When I check out projects, I check them out as "originalname-branchname". I do this consistently. When I first started doing this, I started manually changing the build path dependencies to point to the projects with the same "-branchname" suffix. That got old real fast.

I then decided to build an external tool that manages much of this for me. I wrote a Java class that reads an XML configuration file (using Commons Digester) which specifies the build trees I want to manage. Each build tree element specifies a root directory on the drive to create the build tree, and a workspace directory where the "target" projects live. I also specify a default branch name, and a list of projects with a "basename" and an optional branch name.
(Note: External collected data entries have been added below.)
(* Let $G=(V,E,\ell,\Phi)$ be a strongly connected trackable weak model. Let $(X_t)_{t\ge0}$ be a Markov chain on $V$ with arbitrary initial distribution and transition matrix $P$ satisfying $P_{ij}>0$ if and only if $(i,j)\in E$. Then, almost surely, for every $s\ge 0$ there exists $N>s$ such that every walk $(y_0,y_1,\dots,y_N)$ in $G$ with $y_0=X_0$ and $\ell(y_i)=\ell(X_i)$ for all $0\le i\le N$ satisfies $y_{s+1}=X_{s+1}$. In words: when the starting node is known, whenever the chain passes through a node with same-colored out-neighbors, it eventually becomes possible to identify from the observed colors which branch was taken.
   Context: A (single-colored) weak model $G=(V,E,\ell,\Phi)$ consists of a finite set of nodes $V$, directed edges $E\subseteq V\times V$, a finite color set $\Phi$ and a coloring $\ell:V\to\Phi$. A walk is a node sequence with consecutive nodes joined by edges of $E$. For $Y_{[t]}\in\Phi^t$, $\mathcal H_G(Y_{[t]})$ is the set of walks $(x_1,\dots,x_t)$ with $\ell(x_i)=Y_i$ for all $i$, and $n_G(t)=\max_{Y_{[t]}}|\mathcal H_G(Y_{[t]})|$. $G$ is trackable if $n_G(t)=O(t^k)$ for some $k\ge0$, and strongly connected if every node is reachable from every node by a directed path. Two distinct nodes $v_1,v_2$ are same-colored out-neighbors of $v$ if $(v,v_1),(v,v_2)\in E$ and $\ell(v_1)=\ell(v_2)$. *)

theory Defs
  imports "HOL-Probability.Probability" "HOL-Library.Landau_Symbols"
begin

definition weak_model :: "'v set \<Rightarrow> ('v \<times> 'v) set \<Rightarrow> ('v \<Rightarrow> 'c) \<Rightarrow> 'c set \<Rightarrow> bool" where
  "weak_model V E l Phi \<longleftrightarrow> finite V \<and> E \<subseteq> V \<times> V \<and> finite Phi \<and> l ` V \<subseteq> Phi"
When the tool runs, it creates the build tree directory, and in that directory it creates symbolic links (or junctions on Windows) to each of the projects specified in the build tree element, where the link name is the "basename", and it links to the project with the appropriate branch name suffix.

The tool also knows what the ".classpath" file looks like in each project, and it knows what changes it has to make to fix the project dependencies in Eclipse.

After I've run the tool, I can run the application build from the build tree directory, and in Eclipse (after I refresh), all the compile errors from missing depenencies are gone.

You could even use "team project sets" to import an entire set of projects with a specified branch in a single step.